YOUR OBJECTIVE:
Every line in the listing below from the one with "using pos_iff \<open>0" through the one with "Context: Network model: a" is to be reproduced exactly, both ends included; leave out the rest.
§
(* Let $T=\begin{pmatrix}a&b\\c&d\end{pmatrix}$ be $J$-unitary and $z\in{\mathbb S}^1$. Then $$Q_z(T)=\begin{pmatrix}(a^* )^{-1}&0\\0&d^{-1}\end{pmatrix}^*\begin{pmatrix}-{\bf 1}&-z\,b\\-\overline z\,b^*&{\bf 1}\end{pmatrix}\begin{pmatrix}(a^* )^{-1}&0\\0&d^{-1}\end{pmatrix}=\begin{pmatrix}-(a^*a)^{-1}&-z\,a^{-1}bd^{-1}\\-(z\,a^{-1}bd^{-1})^*&(dd^* )^{-1}\end{pmatrix}.$$ Moreover $0\notin\sigma(Q_z(T))$.
   Context: ${\cal H}$ is a separable complex Hilbert space, ${\cal K}={\cal H}\oplus{\cal H}$, $J=\begin{pmatrix}{\bf 1}&0\\0&-{\bf 1}\end{pmatrix}$, ${\mathbb S}^1$ the unit circle. A bounded invertible $T$ on ${\cal K}$ is $J$-unitary if $T^*JT=J$ (blocks $a,d$ are then invertible). For $w\in{\mathbb S}^1$ the operator $wT$ is also $J$-unitary, and one sets $V(\overline w\,T)=\begin{pmatrix}\overline w(a^* )^{-1}&bd^{-1}\\-d^{-1}c&w\,d^{-1}\end{pmatrix}$ (a unitary). For $z=e^{\imath s}\in{\mathbb S}^1$ define the self-adjoint operator $$Q_z(T)=\frac1\imath\,V(e^{-\imath t}T)^*\,\partial_tV(e^{-\imath t}T)\Big|_{t=s}.$$ *)

theory Defs
  imports "HOL-Analysis.Analysis"
begin
lemma SUP_radial_difference_eq_SUP_Lambda:
  fixes \<Omega> A :: "'a::euclidean_space set" and \<gamma> \<gamma>1 \<gamma>2 :: "real \<Rightarrow> real"
  assumes bd: "bounded \<Omega>" and op: "open \<Omega>" and conn: "connected \<Omega>"
    and bdry: "C1_boundary_normal \<Omega> \<nu>"
    and GD: "frontier \<Omega> - A \<noteq> {}"
    and GN: "frontier \<Omega> \<inter> A \<noteq> {} \<longrightarrow> convex \<Omega>"
    and sub: "visc_subsol \<Omega> A \<nu> \<beta> k u"
    and r: "r > 0"
    and g1: "\<forall>t\<in>{0..r}. (\<gamma> has_real_derivative \<gamma>1 t) (at t within {0..r})"
    and g2: "\<forall>t\<in>{0..r}. (\<gamma>1 has_real_derivative \<gamma>2 t) (at t within {0..r})"
    and g2c: "continuous_on {0..r} \<gamma>2"
    and ode: "\<forall>t\<in>{0<..<r}. - \<gamma>2 t - \<beta> * \<bar>\<gamma>1 t\<bar> = k"
    and gpos: "\<forall>t\<in>{0<..<r}. \<gamma>1 t > 0" and g10: "\<gamma>1 0 = 0"
    and x0: "x0 \<in> closure \<Omega>"
  defines "\<Lambda> \<equiv> (sphere x0 r \<inter> closure \<Omega>) \<union> (ball x0 r \<inter> (frontier \<Omega> - A))"
  shows "(SUP x\<in>cball x0 r \<inter> closure \<Omega>. u x - \<gamma> (norm (x - x0))) = (SUP x\<in>\<Lambda>. u x - \<gamma> (norm (x - x0)))"
proof -
  define K where "K = cball x0 r \<inter> closure \<Omega>"
  define f where "f x = u x - \<gamma> (norm (x - x0))" for x
  have c\<gamma>: "continuous_on {0..r} \<gamma>" by (rule continuous_on_if_DERIV_within[OF g1])
  have uscf: "usc_on K f" unfolding K_def f_def by (rule usc_on_radial_difference[OF sub c\<gamma>])
  have Kc: "compact K" unfolding K_def by (intro compact_Int_closed compact_cball closed_closure)
  have SK: "\<Lambda> \<subseteq> K" by (auto simp: \<Lambda>_def K_def frontier_def dist_norm)
  have "\<Omega> \<noteq> {}" using GD by auto
  then obtain z where z: "z \<in> \<Omega>" by blast
  obtain V where V: "\<forall>x\<in>closure \<Omega>. norm (x - z) \<le> V" using bounded_closure_dist_bound[OF bd] by blast
  obtain G0m where G0m: "G0m > 0" "\<forall>t\<in>{0..r}. \<bar>\<gamma> t\<bar> \<le> G0m"
    using continuous_on_Icc_abs_bounded[OF c\<gamma>] by blast
  obtain G1m where G1m: "\<forall>t\<in>{0..r}. \<bar>\<gamma>1 t\<bar> \<le> G1m"
    using continuous_on_Icc_abs_bounded[OF continuous_on_if_DERIV_within[OF g2]] by blast
  obtain G2m where G2m: "\<forall>t\<in>{0..r}. \<bar>\<gamma>2 t\<bar> \<le> G2m"
    using continuous_on_Icc_abs_bounded[OF g2c] by blast
  have k: "k < 0" by (rule ode_rhs_neg[OF r g2 ode gpos g10])
  have g20: "\<gamma>2 0 = - k" by (rule ode_at_zero[OF r g2 g2c ode g10])
  obtain cg where cg: "cg > 0" "\<forall>t\<in>{0..r}. cg * t \<le> \<gamma>1 t"
    using ode_slope_linear_lower_bound[OF r g2 ode gpos g10] by blast
  have "(SUP x\<in>K. f x) = (SUP x\<in>\<Lambda>. f x)"
  proof (rule SUP_eq_SUP_if_perturbed_maximizers_bounded[OF Kc uscf SK])
    show "\<Lambda> \<noteq> {}" unfolding \<Lambda>_def by (rule Lambda_nonempty[OF conn GD x0 r])
    fix m \<Delta> :: real assume m: "\<forall>x\<in>\<Lambda>. f x \<le> m" and \<Delta>: "\<Delta> > 0"
    define \<delta> where "\<delta> = min (1 / 2) (\<Delta> / (2 * G0m))"
    define \<mu> where "\<mu> = - \<delta> * k"
    define L where "L = - k + \<mu> / 4"
    have \<delta>: "0 < \<delta>" "\<delta> < 1" using \<Delta> G0m by (auto simp: \<delta>_def)
    have "\<delta> * G0m \<le> \<Delta> / (2 * G0m) * G0m" using G0m by (intro mult_right_mono) (auto simp: \<delta>_def)
    then have \<delta>G: "\<delta> * G0m \<le> \<Delta> / 2" using G0m by simp
    have \<mu>: "\<mu> > 0" using k \<delta> by (simp add: \<mu>_def mult_pos_neg)
    obtain b where b: "b > 0" "b \<le> r" "\<forall>t\<in>{0..b}. \<gamma>1 t \<le> L * t"
      using slope_linear_upper_bound_near_zero[OF r g2 g2c g10, of L] \<mu> g20 by (auto simp: L_def)
    have lim1: "((\<lambda>t. t) \<longlongrightarrow> 0) (at_right (0::real))"
      "((\<lambda>t. \<bar>\<beta>\<bar> * (L * t)) \<longlongrightarrow> 0) (at_right (0::real))"
      by (auto intro!: tendsto_eq_intros)
    have "\<forall>\<^sub>F t in at_right 0. t < b \<and> \<bar>\<beta>\<bar> * (L * t) < \<mu> / 4"
      using b \<mu> by (intro eventually_conj order_tendstoD(2)[OF lim1(1)] order_tendstoD(2)[OF lim1(2)]) auto
    then obtain t1 where t1: "t1 > 0" "t1 < b" "\<bar>\<beta>\<bar> * (L * t1) < \<mu> / 4"
      using exists_pos_if_eventually_at_right by blast
    define g where "g = (1 - \<delta>) * cg * t1"
    define M where "M = G2m + 2 * G1m / t1 + 1"
    have g: "g > 0" using \<delta> cg t1 by (simp add: g_def)
    obtain \<tau> where \<tau>: "\<tau> > 0" "\<tau> * V < g / 2" "\<tau> * V\<^sup>2 / 2 < \<Delta> / 2"
      "\<tau> + \<bar>\<beta>\<bar> * (\<tau> * V) < \<mu> / 4" "\<tau> + \<bar>\<beta>\<bar> * (\<tau> * V) + M * (2 * \<tau> * V / g)\<^sup>2 < \<mu> / 2"
      using exists_perturbation_weight[OF g \<Delta> \<mu>] by blast
    define \<Psi> where "\<Psi> x = - \<delta> * \<gamma> (norm (x - x0)) + \<tau> / 2 * (norm (x - z))\<^sup>2" for x
    show "\<exists>\<Psi>. continuous_on K \<Psi> \<and> (\<forall>x\<in>K. \<bar>\<Psi> x\<bar> \<le> \<Delta>) \<and>
           (\<forall>y\<in>K. (\<forall>x\<in>K. f x - \<Psi> x \<le> f y - \<Psi> y) \<longrightarrow> f y \<le> m + 2 * \<Delta>)"
    proof (intro exI[of _ \<Psi>] conjI ballI impI)
      show "continuous_on K \<Psi>"
        unfolding \<Psi>_def K_def
        by (intro continuous_intros continuous_on_compose2[OF c\<gamma>])
           (auto simp: dist_norm norm_minus_commute)
    next
      fix y assume y: "y \<in> K"
      have "norm (y - x0) \<in> {0..r}" using y by (auto simp: K_def dist_norm norm_minus_commute)
      then have "\<bar>\<gamma> (norm (y - x0))\<bar> \<le> G0m" using G0m(2) by blast
      then have h1: "\<bar>\<delta> * \<gamma> (norm (y - x0))\<bar> \<le> \<delta> * G0m" using \<delta> by (simp add: abs_mult mult_left_mono)
      have "(norm (y - z))\<^sup>2 \<le> V\<^sup>2" using V y by (auto simp: K_def intro!: power_mono)
      then have h2: "\<tau> * (norm (y - z))\<^sup>2 \<le> \<tau> * V\<^sup>2" using \<tau>(1) by simp
      have "0 \<le> \<tau> * (norm (y - z))\<^sup>2" using \<tau>(1) by simp
      then show "\<bar>\<Psi> y\<bar> \<le> \<Delta>" using h1 h2 \<tau>(3) \<delta>G unfolding \<Psi>_def abs_le_iff by linarith
    next
      fix y assume y: "y \<in> K" and ymax: "\<forall>x\<in>K. f x - \<Psi> x \<le> f y - \<Psi> y"
      show "f y \<le> m + 2 * \<Delta>"
      proof (rule ccontr)
        assume big: "\<not> f y \<le> m + 2 * \<Delta>"
        have "y \<notin> \<Lambda>"
        proof
          assume "y \<in> \<Lambda>"
          then have "f y \<le> m" using m by blast
          with big \<Delta> show False by linarith
        qed
        have ymax': "\<forall>x\<in>cball x0 r \<inter> closure \<Omega>.
          u x - ((1 - \<delta>) * \<gamma> (norm (x - x0)) + \<tau> / 2 * (norm (x - z))\<^sup>2)
          \<le> u y - ((1 - \<delta>) * \<gamma> (norm (y - x0)) + \<tau> / 2 * (norm (y - z))\<^sup>2)"
          using ymax by (simp add: K_def f_def \<Psi>_def algebra_simps)
        have "0 \<le> \<delta> * \<mu>" using \<delta> \<mu> by simp
        moreover have "(1 - \<delta>) * L = - k - \<mu> + \<mu> / 4 - \<delta> * \<mu> / 4"
          by (simp add: L_def \<mu>_def field_simps)
        ultimately have slope: "(1 - \<delta>) * L + \<bar>\<beta>\<bar> * (L * t1 + \<tau> * V) + \<tau> < - k"
          using t1(3) \<tau>(4) \<mu> unfolding distrib_left by linarith
        have near: "\<forall>t\<in>{0..t1}. \<gamma>1 t \<le> L * t" using b t1 by auto
        have "t1 \<le> r" using b t1 by linarith
        moreover have "\<tau> + \<bar>\<beta>\<bar> * (\<tau> * V) < - \<delta> * k" using \<tau>(4) \<mu> unfolding \<mu>_def by linarith
        moreover have "\<tau> * V \<le> (1 - \<delta>) * cg * t1 / 2" using \<tau>(2) unfolding g_def by linarith
        moreover have "\<tau> + \<bar>\<beta>\<bar> * (\<tau> * V) + (G2m + 2 * G1m / t1 + 1)
            * (2 * \<tau> * V / ((1 - \<delta>) * cg * t1))\<^sup>2 < - \<delta> * k / 2"
          using \<tau>(5) unfolding g_def M_def \<mu>_def .
        ultimately show False
          using scaled_profile_no_interior_maximizer[OF sub bdry op GN r g1 g2 g2c ode gpos g10 g20 x0 z
              \<tau>(1) \<delta>(1,2) V G1m G2m cg(2,1) t1(1) _ near y[unfolded K_def] \<open>y \<notin> \<Lambda>\<close>[unfolded \<Lambda>_def]
              ymax' slope] by blast
      qed
    qed
  qed
  then show ?thesis by (simp add: K_def f_def)
qed
lemma pos_lin_indep_modulus_exists:
  fixes b :: "'i \<Rightarrow> 'v::real_normed_vector"
  assumes fin: "finite K" "finite S" and indep: "\<not> pos_lin_dep K b S b"
  shows "\<exists>c>0. pos_lin_indep_modulus K S b c"
proof (rule ccontr)
  define N where "N \<alpha> \<beta> = (\<Sum>i\<in>K. \<alpha> i) + (\<Sum>i\<in>S. \<bar>\<beta> i\<bar>)" for \<alpha> \<beta> :: "'i \<Rightarrow> real"
  define F where "F \<alpha> \<beta> = (\<Sum>i\<in>K. \<alpha> i *\<^sub>R b i) + (\<Sum>i\<in>S. \<beta> i *\<^sub>R b i)" for \<alpha> \<beta> :: "'i \<Rightarrow> real"
  assume "\<not> ?thesis"
  then have "\<forall>n. \<exists>\<alpha> \<beta>. (\<forall>i\<in>K. 0 \<le> \<alpha> i) \<and> norm (F \<alpha> \<beta>) < 1 / Suc n * N \<alpha> \<beta>"
    unfolding pos_lin_indep_modulus_def N_def F_def
    by (metis not_le of_nat_0_less_iff zero_less_Suc zero_less_divide_1_iff)
  then obtain A B where nonneg: "\<And>n i. i \<in> K \<Longrightarrow> 0 \<le> A n i"
    and small: "\<And>n. norm (F (A n) (B n)) < 1 / Suc n * N (A n) (B n)"
    by metis
  have N_pos: "0 < N (A n) (B n)" for n
  proof -
    have "0 < 1 / Suc n * N (A n) (B n)"
      using small[of n] norm_ge_zero[of "F (A n) (B n)"] by linarith
    then show ?thesis
      by (simp add: zero_less_divide_iff add_pos_nonneg)
  qed
  define A' where "A' n i = A n i / N (A n) (B n)" for n i
  define B' where "B' n i = B n i / N (A n) (B n)" for n i
  have normalized: "N (A' n) (B' n) = 1" for n
    using N_pos[of n] unfolding N_def A'_def B'_def
    by (simp add: sum_divide_distrib[symmetric] abs_div add_divide_distrib[symmetric])
  moreover have "F (A' n) (B' n) = F (A n) (B n) /\<^sub>R N (A n) (B n)" for n
    unfolding F_def A'_def B'_def
    by (simp add: scaleR_right.sum scaleR_add_right divide_inverse_commute)
  moreover have "norm (F (A n) (B n)) / N (A n) (B n) < 1 / Suc n" for n
    by (metis N_pos mult.commute pos_divide_less_eq small)
  ultimately have "norm (F (A' n) (B' n)) \<le> 1 / Suc n" for n
    using N_pos[of n] by (simp add: divide_inverse_commute less_imp_le)
  then have "(\<lambda>n. F (A' n) (B' n)) \<longlonglongrightarrow> 0"
    by (intro Lim_null_comparison[OF _ LIMSEQ_Suc[OF lim_const_over_n[of 1]]] always_eventually)
      auto
  moreover have "\<And>n i. i \<in> K \<Longrightarrow> 0 \<le> A' n i"
    using nonneg N_pos by (auto simp: A'_def intro!: divide_nonneg_pos)
  ultimately have "pos_lin_dep K b S b"
    using pos_lin_dep_of_vanishing_combinations[OF fin, of A' B' b] normalized
    by (simp add: N_def F_def)
  with indep show False ..
qed

lemma pos_lin_indep_modulus_mono:
  assumes "pos_lin_indep_modulus K S b c" "c' \<le> c"
  shows "pos_lin_indep_modulus K S b c'"
  unfolding pos_lin_indep_modulus_def
proof (intro allI impI)
  fix \<alpha> \<beta> :: "'a \<Rightarrow> real"
  assume nonneg: "\<forall>i\<in>K. 0 \<le> \<alpha> i"
  then have "c' * ((\<Sum>i\<in>K. \<alpha> i) + (\<Sum>i\<in>S. \<bar>\<beta> i\<bar>)) \<le> c * ((\<Sum>i\<in>K. \<alpha> i) + (\<Sum>i\<in>S. \<bar>\<beta> i\<bar>))"
    using assms(2) by (intro mult_right_mono add_nonneg_nonneg sum_nonneg) auto
  also have "\<dots> \<le> norm ((\<Sum>i\<in>K. \<alpha> i *\<^sub>R b i) + (\<Sum>i\<in>S. \<beta> i *\<^sub>R b i))"
    using assms(1) nonneg unfolding pos_lin_indep_modulus_def by blast
  finally show "c' * ((\<Sum>i\<in>K. \<alpha> i) + (\<Sum>i\<in>S. \<bar>\<beta> i\<bar>)) \<le> norm ((\<Sum>i\<in>K. \<alpha> i *\<^sub>R b i) + (\<Sum>i\<in>S. \<beta> i *\<^sub>R b i))" .
qed
lemma Lag_unitary_conj_diagm:
  assumes U: "unitary U" and A: "Amat h K lam mu = U ** diagm a ** adj U"
    and tau: "\<forall>i. tau i \<noteq> 0"
  shows "Lag h K Gam P lam mu (U ** diagm tau ** adj U)
    = ereal ((\<Sum>i\<in>UNIV. 1 / tau i + a i * tau i) + Gam * (\<Sum>k<K. mu k) - lam * P)"
proof -
  note inv = matrix_inv_unique[OF unitary_conj_diagm_inverse[OF U tau]]
  have "Re (trace (matrix_inv (U ** diagm tau ** adj U))) = (\<Sum>i\<in>UNIV. 1 / tau i)"
    by (simp add: inv(2) trace_unitary_conj[OF U] trace_diagm)
  moreover have "Re (trace (Amat h K lam mu ** (U ** diagm tau ** adj U))) = (\<Sum>i\<in>UNIV. a i * tau i)"
    by (simp add: A unitary_conj_mult[OF U] diagm_mult trace_unitary_conj[OF U] trace_diagm)
  ultimately show ?thesis
    using inv(1) by (simp add: Lag_def sum.distrib)
qed

lemma Lag_lower_bound:
  assumes U: "unitary U" and A: "Amat h K lam mu = U ** diagm a ** adj U"
    and a: "\<forall>i. 0 \<le> a i" and "psd S"
  shows "ereal (2 * (\<Sum>i\<in>UNIV. sqrt (a i)) + Gam * (\<Sum>k<K. mu k) - lam * P)
    \<le> Lag h K Gam P lam mu S"
proof (cases "invertible S")
  case True
  define B where "B = U ** diagm (\<lambda>i. sqrt (a i)) ** adj U"
  have "B ** B = Amat h K lam mu"
    using a by (simp add: A B_def unitary_conj_mult[OF U] diagm_mult)
  moreover have "Re (trace B) = (\<Sum>i\<in>UNIV. sqrt (a i))"
    by (simp add: B_def trace_unitary_conj[OF U] trace_diagm)
  ultimately have "2 * (\<Sum>i\<in>UNIV. sqrt (a i))
      \<le> Re (trace (matrix_inv S)) + Re (trace (Amat h K lam mu ** S))"
    using two_trace_le_trace_inverse_plus[OF _ \<open>psd S\<close> True, of B]
    by (simp add: B_def adj_unitary_conj_diagm)
  then show ?thesis
    using True by (simp add: Lag_def)
qed (simp add: Lag_def)

lemma Lag_regularized_solution:
  fixes alpha :: "'n::{finite,wellorder} \<Rightarrow> real"
  assumes U: "unitary U" and A: "Amat h K lam mu = U ** diagm alpha ** adj U"
    and nonneg: "\<forall>i. 0 \<le> alpha i" and pos_iff: "\<And>i. pos i < N \<longleftrightarrow> 0 < alpha i"
    and "0 < t"
  shows "Lag h K Gam P lam mu
      (U ** diagm (\<lambda>i. if pos i < N then alpha i powr (-1/2) else t) ** adj U)
    = ereal (2 * (\<Sum>i\<in>UNIV. sqrt (alpha i)) + Gam * (\<Sum>k<K. mu k) - lam * P
        + real (card {i::'n. \<not> pos i < N}) / t)"
proof -
  let ?tau = "\<lambda>i. if pos i < N then alpha i powr (-1/2) else t"
  have "1 / ?tau i + alpha i * ?tau i = 2 * sqrt (alpha i) + (if pos i < N then 0 else 1 / t)"
    for i
    using pos_iff[of i] nonneg[rule_format, of i] inverse_plus_mult_powr_half[of "alpha i"]
    by auto
  then have "(\<Sum>i\<in>UNIV. 1 / ?tau i + alpha i * ?tau i)
      = 2 * (\<Sum>i\<in>UNIV. sqrt (alpha i)) + real (card {i::'n. \<not> pos i < N}) / t"
    by (simp add: sum.distrib sum_distrib_left sum.If_cases Collect_neg_eq)
  moreover have "\<forall>i. ?tau i \<noteq> 0"
    using pos_iff \<open>0 < t\<close> by simp
  ultimately show ?thesis
    by (simp add: Lag_unitary_conj_diagm[OF U A])
qed
(* Let $\mathcal{A}$ be a deterministic, singly-initiated, event-driven distributed protocol that correctly identifies the bridges of every connected graph. Then for every connected graph $G=(V,E)$, the execution of $\mathcal{A}$ on $G$ sends at least $|E|$ messages and takes at least $\mathrm{Diam}(G)/2$ time.
   Context: Network model: a connected undirected graph $G=(V,E)$ whose nodes are processors and whose edges are two-way communication links; each node initially knows only its own identity and its incident links (not the rest of the graph). Singly-initiated means exactly one node begins computing spontaneously; event-driven means every other node performs no action (in particular sends no message) before it has received a message. An edge is a bridge if its deletion disconnects $G$. "Correctly identifies the bridges" means that at termination every edge has been correctly classified as a bridge or non-bridge. $\mathrm{Diam}(G)$ is the maximum distance between two vertices of $G$; time is measured in synchronous rounds. *)

theory Defs
  imports Complex_Main
begin

text \<open>A graph on vertex set V (vertex names are natural numbers, which also serve as the
  unique processor identities) with edge set E (each edge a 2-element subset of V).\<close>

definition simple_graph :: "nat set \<Rightarrow> nat set set \<Rightarrow> bool" where
  "simple_graph V E \<longleftrightarrow> finite V \<and> V \<noteq> {} \<and>
     (\<forall>e\<in>E. \<exists>u v. e = {u, v} \<and> u \<noteq> v \<and> u \<in> V \<and> v \<in> V)"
§
EXERCISE RESPONSE:
    using pos_iff \<open>0 < t\<close> by simp
  ultimately show ?thesis
    by (simp add: Lag_unitary_conj_diagm[OF U A])
qed
(* Let $\mathcal{A}$ be a deterministic, singly-initiated, event-driven distributed protocol that correctly identifies the bridges of every connected graph. Then for every connected graph $G=(V,E)$, the execution of $\mathcal{A}$ on $G$ sends at least $|E|$ messages and takes at least $\mathrm{Diam}(G)/2$ time.
   Context: Network model: a connected undirected graph $G=(V,E)$ whose nodes are processors and whose edges are two-way communication links; each node initially knows only its own identity and its incident links (not the rest of the graph). Singly-initiated means exactly one node begins computing spontaneously; event-driven means every other node performs no action (in particular sends no message) before it has received a message. An edge is a bridge if its deletion disconnects $G$. "Correctly identifies the bridges" means that at termination every edge has been correctly classified as a bridge or non-bridge. $\mathrm{Diam}(G)$ is the maximum distance between two vertices of $G$; time is measured in synchronous rounds. *)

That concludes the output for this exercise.